On the first working day of each month, a new distribution will appear on the website. Cases will reflect a range of complexity and include both general and specialist issues encountered by medical microbiologists and virologists. Participants will be alerted by email that the scenario is available.
Scenarios will typically represent a case study based on a real patient. Participants will be invited to suggest a diagnosis or a differential diagnosis, to recommend diagnostic interventions (both microbiological and non-microbiological, where appropriate), to interpret any results that are provided, to advise on therapeutic interventions and to identify any infection control and/or public health implications. The responses will be presented in a multiple-choice format. The scenarios will alternate monthly between those of a virological nature and those of a general bacteriological nature. Parasitology or mycology scenarios will be provided periodically; these will be at a level that is appropriate to microbiologists who are not specialists in these fields. There will also be occasional scenarios that specifically concern antibiotic susceptibility testing or antibiotic assays.
Participants will have one month to respond. Responses should be from individuals. Although consultation with colleagues is an important part of routine diagnostic practice, responses must be made without conferring as the maximum educational benefit is obtained when interpretive EQA schemes provide feedback on the opinions of individual participants, rather than those of their colleagues.
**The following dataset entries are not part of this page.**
lemma odd_circuits_two_factor:
  assumes "two_factor verts edges F"
  shows "odd_circuits verts F = 2 * K"
proof -
  let ?G = "gadget_circuit ` insert (Suc m) {..<K}" and ?T = "triangle_circuit ` {1..<K}"
  have "card ?G = card (insert (Suc m) {..<K})"
    by (rule card_image[OF inj_on_subset[OF inj_gadget_circuit subset_UNIV]])
  also have "\<dots> = K + 1" using K_le_m by simp
  finally have G: "card ?G = K + 1" .
  have T: "card ?T = K - 1"
    using card_image[OF inj_on_subset[OF inj_triangle_circuit subset_UNIV]] by simp
  have "odd_circuits verts F = card (?G \<union> ?T)"
    unfolding odd_circuits_def components_two_factor[OF assms] odd_circuits_image ..
  also have "\<dots> = card ?G + card ?T"
    using gadget_circuit_neq_triangle_circuit by (intro card_Un_disjoint) auto
  finally show ?thesis using G T K_pos by simp
qed

definition cycle_nbrs :: "nat \<Rightarrow> nat set" where
  "cycle_nbrs v = (let j = v div 8; s = v mod 8 in
    if j = 0 \<or> j = Suc m then gadget_cycle_nbrs j s
    else if j < K then
      (if s = 0 then {vx j 1, vx j 6} else if s = 1 then {vx j 0, vx j 6}
       else if s = 6 then {vx j 0, vx j 1} else gadget_cycle_nbrs j s)
    else if s = 0 \<or> s = 1 then {vx j 2, vx j 3} else {vx j 0, vx j 1})"

lemma cycle_nbrs_vx [simp]:
  "s < 8 \<Longrightarrow> cycle_nbrs (vx j s) =
    (if j = 0 \<or> j = Suc m then gadget_cycle_nbrs j s
     else if j < K then
       (if s = 0 then {vx j 1, vx j 6} else if s = 1 then {vx j 0, vx j 6}
        else if s = 6 then {vx j 0, vx j 1} else gadget_cycle_nbrs j s)
     else if s = 0 \<or> s = 1 then {vx j 2, vx j 3} else {vx j 0, vx j 1})"
  by (simp add: cycle_nbrs_def)

lemma cycle_nbrs_props:
  assumes "v \<in> verts"
  shows "cycle_nbrs v \<subseteq> nbrs v \<and> card (cycle_nbrs v) = 2 \<and> (\<forall>w\<in>cycle_nbrs v. v \<in> cycle_nbrs w)"
  using assms
proof (cases rule: vertex_cases)
  case (end0 s)
  then show ?thesis by (auto simp: block_end0 gadget_nbrs_def gadget_cycle_nbrs_def)
next
  case (end1 s)
  then show ?thesis by (auto simp: block_end1 gadget_nbrs_def gadget_cycle_nbrs_def)
next
  case (triangle j s)
  then show ?thesis
    using K_le_m by (auto simp: block_triangle gadget_nbrs_def gadget_cycle_nbrs_def)
next
  case (diamond j s)
  then show ?thesis using K_pos by (auto simp: block_diamond)
qed

lemma two_factor_cycle_nbrs: "two_factor verts edges (nbhd_edges verts cycle_nbrs)"
  unfolding edges_def
  by (rule two_factor_nbhd_edges[OF sym_nbhd_nbrs]) (use cycle_nbrs_props in blast)+

lemma oddness_chain: "oddness verts edges = 2 * K"
  using oddness_eqI[OF two_factor_cycle_nbrs odd_circuits_two_factor] .

lemma mu3_chain: "m + 1 - K \<le> mu3 verts edges"
proof -
  let ?U = "(\<lambda>j. {vx j 0, vx j 2}) ` {K..m}"
  have "inj_on (\<lambda>j. {vx j 0, vx j 2}) {K..m}"
    by (auto simp: inj_on_def doubleton_eq_iff)
  then have "card ?U = m + 1 - K" by (simp add: card_image)
  moreover have "?U \<subseteq> F" if "two_factor verts edges F" for F
    using diamond_in_two_factor[OF that] by auto
  ultimately show ?thesis
    using card_le_mu3_if_in_every_two_factor[OF cubic_chain two_factor_cycle_nbrs] by metis
qed

end

theorem mainTheorem5:
  fixes k c :: nat
  assumes "k \<ge> 1" and "c \<ge> 1"
  shows "\<exists>(V :: nat set) E. cubic V E \<and> connected_graph V E
           \<and> (\<exists>F. two_factor V E F) \<and> oddness V E = 2 * k \<and> mu3 V E \<ge> c"
proof -
  interpret chain_graph k "k - 1 + c"
    using assms by unfold_locales simp_all
  have "c = (k - 1 + c) + 1 - k" using assms by simp
  then show ?thesis
    using cubic_chain connected_chain two_factor_cycle_nbrs oddness_chain mu3_chain by metis
qed

end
Participants may choose not to respond to a particular scenario if it concerns a sub-speciality in which they do not practice. Participants will therefore be able to declare a case to be outside their normal practice (and should be prepared to justify this). To do this, a formal ‘out of scope’ response must be entered on the website within the normal response period; it cannot be entered retrospectively once the distribution has been closed.
On the day after the deadline, the intended answers (representing a consensus of members of the scheme panel), will be posted on the website. Individual reports, together with the anonymised responses of all of the participants and an educational commentary, will be available on the website approximately two weeks later. Participants will be alerted by email that the report is available.
Participants are expected to respond annually to at least 66% of distributions that they deem to be within the scope of their practice. (UK NEQAS should be informed of any long term absence from work leading to lower participation). An annual record sheet will be available to participants who respond to at least 66% of distributions. This may be used as evidence of participation, e.g. for laboratory accreditation.
Scoring and performance assessment:
In order to be eligible for scoring, answers to a question must achieve a consensus of 80% of participants (and there must also be no evidence that the popular response is incorrect). Individual reports will be produced for each participant following each distribution. These reports will show scores for individual questions and provide charts of performance rating and total scores from previous distributions (as provided for laboratory UK NEQAS EQA schemes). The annual record sheet will record participation and scores achieved for all distributions. It is envisaged that this report will be used by participants during their annual appraisal.
As part of an ongoing pilot, since January 2017, anonymised performance data from UK medical and scientist consultant participants will be reviewed by the National Quality Assessment Advisory Panel for Microbiology (NQAAP). NQAAP is responsible for promoting, coordinating and protecting high professional standards in EQA and encouraging the development of clinically relevant and appropriate EQA schemes. During the pilot, formal procedures will be established by UK NEQAS Microbiology and agreed with NQAAP. For the time being, the interpretative comments scheme will continue to be run without formal individual performance monitoring.